Parenteral nutrition (PN), with the lack of enteral feeding, compromises mucosal immune function and increases the risk of infections. We developed an ex vivo intestinal segment culture (EVISC) model to study the ex vivo effects of PN on susceptibility of the ileum to invasion by extra-intestinal pathogenic Escherichia coli (ExPEC) and on ileal secretion of antimicrobial secretory phospholipase A2 (sPLA2) in response to the pathogen.


Study 1: Using mouse (n = 7) ileal tissue, we examined the effects of ileal region (proximal versus distal) and varying ExPEC inoculum concentrations on ex vivo susceptibility to ExPEC invasion and sPLA2 secretion.
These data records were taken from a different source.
(* Let $\mathcal M=(M,<,+,0,\ldots)$ be a definably complete locally o-minimal expansion of an ordered group. Let $(G,d_G)$ be a definably compact definable metric group and $(X,d_X)$ a definable metric space, with $G$ acting on $X$ by a definable continuous left action. Then for every $G$-invariant definable closed subset $A$ of $X$ there is a definable continuous $G$-invariant function $f:X\to M$ with $f^{-1}(0)=A$.
   Context: "Definable" means definable in $\mathcal M$ with parameters. $\mathcal M$ is an expansion of an ordered group with dense order without endpoints; locally o-minimal: for every definable $Y\subseteq M$ and $a\in M$ there is an open interval $I\ni a$ with $Y\cap I$ a finite union of points and open intervals; definably complete: every definable subset of $M$ has sup and inf in $M\cup\{\pm\infty\}$. A definable metric space $(X,d_X)$ is a definable set with a definable $d_X:X\times X\to\{a\ge0\}$ satisfying $d_X(x,y)=0\iff x=y$, symmetry and triangle inequality, topologized by the open balls. A definable metric group is a definable metric space whose underlying set is a definable group with multiplication and inversion continuous. It is definably compact if every definable filtered family (any two members contain a common member) of nonempty closed subsets has nonempty intersection. $f$ is $G$-invariant if $f(gx)=f(x)$ for all $g\in G$, $x\in X$. *)

theory Defs
  imports Main
begin

text \<open>
  Definable sets of an expansion of (M,<,+,0) with parameters are encoded, following
  van den Dries, as a "structure on M": a family D n of subsets of M^n, where
  M^n is represented by the lists of length n over the carrier type 'm.
\<close>

definition is_structure :: "(nat \<Rightarrow> 'm list set set) \<Rightarrow> bool" where
  "is_structure D \<longleftrightarrow>
     (\<forall>n. \<forall>A\<in>D n. A \<subseteq> {xs. length xs = n}) \<and>
     (\<forall>n. {xs. length xs = n} \<in> D n) \<and>
     (\<forall>n. \<forall>A\<in>D n. \<forall>B\<in>D n. A \<union> B \<in> D n) \<and>
     (\<forall>n. \<forall>A\<in>D n. {xs. length xs = n} - A \<in> D n) \<and>
     (\<forall>n. \<forall>A\<in>D n. {xs @ [y] | xs y. xs \<in> A} \<in> D (Suc n)) \<and>
     (\<forall>n. \<forall>A\<in>D n. {y # xs | y xs. xs \<in> A} \<in> D (Suc n)) \<and>
     (\<forall>n i j. i < n \<longrightarrow> j < n \<longrightarrow> {xs. length xs = n \<and> xs ! i = xs ! j} \<in> D n) \<and>
     (\<forall>n. \<forall>A\<in>D (Suc n). butlast ` A \<in> D n)"

text \<open>The structure expands (M,<,+) and allows parameters (all singletons definable).\<close>
definition expands_ordered_group :: "(nat \<Rightarrow> ('m::{linorder,group_add}) list set set) \<Rightarrow> bool" where
  "expands_ordered_group D \<longleftrightarrow>
     {[x, y] | x y. x < y} \<in> D 2 \<and>
     {[x, y, z] | x y z. z = x + y} \<in> D 3 \<and>
     (\<forall>a. {[a]} \<in> D 1)"

definition definable_subset_M :: "(nat \<Rightarrow> 'm list set set) \<Rightarrow> 'm set \<Rightarrow> bool" where
  "definable_subset_M D Y \<longleftrightarrow> (\<lambda>y. [y]) ` Y \<in> D 1"

definition locally_o_minimal :: "(nat \<Rightarrow> ('m::linorder) list set set) \<Rightarrow> bool" where
  "locally_o_minimal D \<longleftrightarrow>
     (\<forall>Y. definable_subset_M D Y \<longrightarrow>
        (\<forall>a. \<exists>b c. b < a \<and> a < c \<and>
           (\<exists>P I. finite P \<and> finite I \<and>
              Y \<inter> {b<..<c} = P \<union> (\<Union>(l, u)\<in>I. {l<..<u}))))"

definition definably_complete :: "(nat \<Rightarrow> ('m::linorder) list set set) \<Rightarrow> bool" where
  "definably_complete D \<longleftrightarrow>
     (\<forall>Y. definable_subset_M D Y \<longrightarrow> Y \<noteq> {} \<longrightarrow>
        (bdd_above Y \<longrightarrow> (\<exists>s. (\<forall>y\<in>Y. y \<le> s) \<and> (\<forall>s'. (\<forall>y\<in>Y. y \<le> s') \<longrightarrow> s \<le> s'))) \<and>
        (bdd_below Y \<longrightarrow> (\<exists>s. (\<forall>y\<in>Y. s \<le> y) \<and> (\<forall>s'. (\<forall>y\<in>Y. s' \<le> y) \<longrightarrow> s' \<le> s))))"

definition def_metric_space ::
  "(nat \<Rightarrow> ('m::{linorder,group_add}) list set set) \<Rightarrow> nat \<Rightarrow> 'm list set \<Rightarrow> ('m list \<Rightarrow> 'm list \<Rightarrow> 'm) \<Rightarrow> bool" where
  "def_metric_space D n X d \<longleftrightarrow>
     X \<in> D n \<and>
     {xs @ ys @ [d xs ys] | xs ys. xs \<in> X \<and> ys \<in> X} \<in> D (2 * n + 1) \<and>
     (\<forall>x\<in>X. \<forall>y\<in>X. 0 \<le> d x y \<and> (d x y = 0 \<longleftrightarrow> x = y) \<and> d x y = d y x) \<and>
     (\<forall>x\<in>X. \<forall>y\<in>X. \<forall>z\<in>X. d x z \<le> d x y + d y z)"

definition mcont ::
  "'a set \<Rightarrow> ('a \<Rightarrow> 'a \<Rightarrow> 'm::{linorder,zero}) \<Rightarrow> ('b \<Rightarrow> 'b \<Rightarrow> 'm) \<Rightarrow> ('a \<Rightarrow> 'b) \<Rightarrow> bool" where
  "mcont X dX dY f \<longleftrightarrow>
     (\<forall>x\<in>X. \<forall>e>0. \<exists>\<delta>>0. \<forall>y\<in>X. dX x y < \<delta> \<longrightarrow> dY (f x) (f y) < e)"

definition mcont2 ::
  "'a set \<Rightarrow> ('a \<Rightarrow> 'a \<Rightarrow> 'm::{linorder,zero}) \<Rightarrow> 'b set \<Rightarrow> ('b \<Rightarrow> 'b \<Rightarrow> 'm)
     \<Rightarrow> ('c \<Rightarrow> 'c \<Rightarrow> 'm) \<Rightarrow> ('a \<Rightarrow> 'b \<Rightarrow> 'c) \<Rightarrow> bool" where
  "mcont2 X dX Y dY dZ f \<longleftrightarrow>
     (\<forall>x\<in>X. \<forall>y\<in>Y. \<forall>e>0. \<exists>\<delta>>0. \<forall>x'\<in>X. \<forall>y'\<in>Y.
        dX x x' < \<delta> \<longrightarrow> dY y y' < \<delta> \<longrightarrow> dZ (f x y) (f x' y') < e)"

definition cont_to_M :: "'a set \<Rightarrow> ('a \<Rightarrow> 'a \<Rightarrow> 'm::{linorder,zero}) \<Rightarrow> ('a \<Rightarrow> 'm) \<Rightarrow> bool" where
  "cont_to_M X dX f \<longleftrightarrow>
     (\<forall>x\<in>X. \<forall>a b. a < f x \<and> f x < b \<longrightarrow>
        (\<exists>\<delta>>0. \<forall>y\<in>X. dX x y < \<delta> \<longrightarrow> a < f y \<and> f y < b))"

definition closed_in_metric :: "'a set \<Rightarrow> ('a \<Rightarrow> 'a \<Rightarrow> 'm::{linorder,zero}) \<Rightarrow> 'a set \<Rightarrow> bool" where
  "closed_in_metric X d A \<longleftrightarrow>
     A \<subseteq> X \<and> (\<forall>x\<in>X - A. \<exists>r>0. \<forall>y\<in>X. d x y < r \<longrightarrow> y \<notin> A)"

definition def_metric_group ::
  "(nat \<Rightarrow> ('m::{linorder,group_add}) list set set) \<Rightarrow> nat \<Rightarrow> 'm list set \<Rightarrow> ('m list \<Rightarrow> 'm list \<Rightarrow> 'm)
     \<Rightarrow> ('m list \<Rightarrow> 'm list \<Rightarrow> 'm list) \<Rightarrow> ('m list \<Rightarrow> 'm list) \<Rightarrow> 'm list \<Rightarrow> bool" where
  "def_metric_group D m G dG mul ginv e \<longleftrightarrow>
     def_metric_space D m G dG \<and>
     e \<in> G \<and> (\<forall>g\<in>G. \<forall>h\<in>G. mul g h \<in> G) \<and> (\<forall>g\<in>G. ginv g \<in> G) \<and>
     (\<forall>g\<in>G. \<forall>h\<in>G. \<forall>k\<in>G. mul (mul g h) k = mul g (mul h k)) \<and>
     (\<forall>g\<in>G. mul e g = g \<and> mul g e = g) \<and>
     (\<forall>g\<in>G. mul (ginv g) g = e \<and> mul g (ginv g) = e) \<and>
     {g @ h @ mul g h | g h. g \<in> G \<and> h \<in> G} \<in> D (3 * m) \<and>
     {g @ ginv g | g. g \<in> G} \<in> D (2 * m) \<and>
     mcont2 G dG G dG dG mul \<and> mcont G dG dG ginv"

text \<open>A definable family of subsets of G \<subseteq> M^m is given by
  some S \<in> D (k + m); its members are the nonempty fibres {x. t @ x \<in> S}.\<close>
definition definably_compact ::
  "(nat \<Rightarrow> 'm list set set) \<Rightarrow> nat \<Rightarrow> 'm list set \<Rightarrow> ('m list \<Rightarrow> 'm list \<Rightarrow> 'm::{linorder,zero}) \<Rightarrow> bool" where
  "definably_compact D m G dG \<longleftrightarrow>
     (\<forall>k S. S \<in> D (k + m) \<longrightarrow>
        (let Fam = (\<lambda>t. {x. t @ x \<in> S}) ` {t. length t = k \<and> (\<exists>x. t @ x \<in> S)} in
          (\<forall>F\<in>Fam. F \<noteq> {} \<and> closed_in_metric G dG F) \<longrightarrow>
          (\<forall>F1\<in>Fam. \<forall>F2\<in>Fam. \<exists>F3\<in>Fam. F3 \<subseteq> F1 \<inter> F2) \<longrightarrow>
          (\<exists>x\<in>G. \<forall>F\<in>Fam. x \<in> F)))"

definition def_action ::
  "(nat \<Rightarrow> ('m::{linorder,group_add}) list set set) \<Rightarrow> nat \<Rightarrow> 'm list set \<Rightarrow> ('m list \<Rightarrow> 'm list \<Rightarrow> 'm)
     \<Rightarrow> ('m list \<Rightarrow> 'm list \<Rightarrow> 'm list) \<Rightarrow> 'm list
     \<Rightarrow> nat \<Rightarrow> 'm list set \<Rightarrow> ('m list \<Rightarrow> 'm list \<Rightarrow> 'm) \<Rightarrow> ('m list \<Rightarrow> 'm list \<Rightarrow> 'm list) \<Rightarrow> bool" where
  "def_action D m G dG mul e n X dX act \<longleftrightarrow>
     (\<forall>g\<in>G. \<forall>x\<in>X. act g x \<in> X) \<and>
     (\<forall>x\<in>X. act e x = x) \<and>
     (\<forall>g\<in>G. \<forall>h\<in>G. \<forall>x\<in>X. act (mul g h) x = act g (act h x)) \<and>
     {g @ x @ act g x | g x. g \<in> G \<and> x \<in> X} \<in> D (m + n + n) \<and>
     mcont2 G dG X dX dX act"

definition def_function_to_M ::
  "(nat \<Rightarrow> 'm list set set) \<Rightarrow> nat \<Rightarrow> 'm list set \<Rightarrow> ('m list \<Rightarrow> 'm) \<Rightarrow> bool" where
  "def_function_to_M D n X f \<longleftrightarrow> {xs @ [f xs] | xs. xs \<in> X} \<in> D (Suc n)"

end

theory Submission
  imports Defs
begin

text \<open>
  Fix \<open>c > 0\<close> and let \<open>h(x) = min(c, d(x, A))\<close>: it is definable, 1-Lipschitz and
  vanishes exactly on the closed set \<open>A\<close>. Put \<open>f(x) = sup {h(g x) | g \<in> G}\<close>; the supremum
  exists by definable completeness, \<open>f\<close> is \<open>G\<close>-invariant, and it vanishes exactly on \<open>A\<close>
  because \<open>A\<close> is invariant. As a supremum of continuous functions \<open>f\<close> is lower
  semicontinuous. Upper semicontinuity is where definable compactness enters: if
  \<open>f(x\<^sub>0) < b' < b\<close> but \<open>f(y) \<ge> b\<close> for \<open>y\<close> arbitrarily close to \<open>x\<^sub>0\<close>, then the closures of
  \<open>E\<^sub>t = {g | \<exists>y. d(x\<^sub>0, y) < t \<and> b' \<le> h(g y)}\<close> form a definable decreasing family of
  nonempty closed subsets of \<open>G\<close>. A common point \<open>g\<^sub>0\<close> has \<open>h(g\<^sub>0 x\<^sub>0) \<le> f(x\<^sub>0) < b'\<close>, which
  contradicts the joint continuity of \<open>(g, x) \<mapsto> h(g x)\<close> at \<open>(g\<^sub>0, x\<^sub>0)\<close>. All sets involved
  are definable because they are defined by first-order formulas over the given definable sets.
\<close>

section \<open>Definable predicates and first-order formulas\<close>

definition definable_pred :: "(nat \<Rightarrow> 'm list set set) \<Rightarrow> nat \<Rightarrow> ('m list \<Rightarrow> bool) \<Rightarrow> bool" where
  "definable_pred D n P \<longleftrightarrow> {xs. length xs = n \<and> P xs} \<in> D n"

lemma definable_pred_cong:
  assumes "definable_pred D n P" and "\<And>xs. length xs = n \<Longrightarrow> P xs = Q xs"
  shows "definable_pred D n Q"
proof -
  have "{xs. length xs = n \<and> P xs} = {xs. length xs = n \<and> Q xs}" using assms(2) by blast
  with assms(1) show ?thesis unfolding definable_pred_def by simp
qed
Study 2: Ten mice were randomized to oral chow or intravenous PN feeding for 5 d (n = 5/group). Using the EVISC model, we compared the susceptibility of ileal tissue to invasion by ExPEC and sPLA2 secretion in response to the pathogen.


Study 1: The proximal ileum was more susceptible to invasion (P < 0.0001) and secreted lower amounts of sPLA2 (P = 0.0002) than the distal ileum. Study 2: Ileal tissue from PN-fed animals was more susceptible (approximately 4-fold, P = 0.018) to invasion than those from chow-fed animals. Ileal tissue from PN-fed animals secreted less sPLA2 (P < 0.02) than those from chow-fed animals.


The data illustrate EVISC as a reproducible model for studying host-pathogen interactions and the effects of diet on susceptibility to infections. Specifically, the findings support our hypothesis that PN with the lack of enteral feeding decreases mucosal responsiveness to pathogen exposure and provides a plausible mechanism by which PN is associated with increased risk of infectious complication.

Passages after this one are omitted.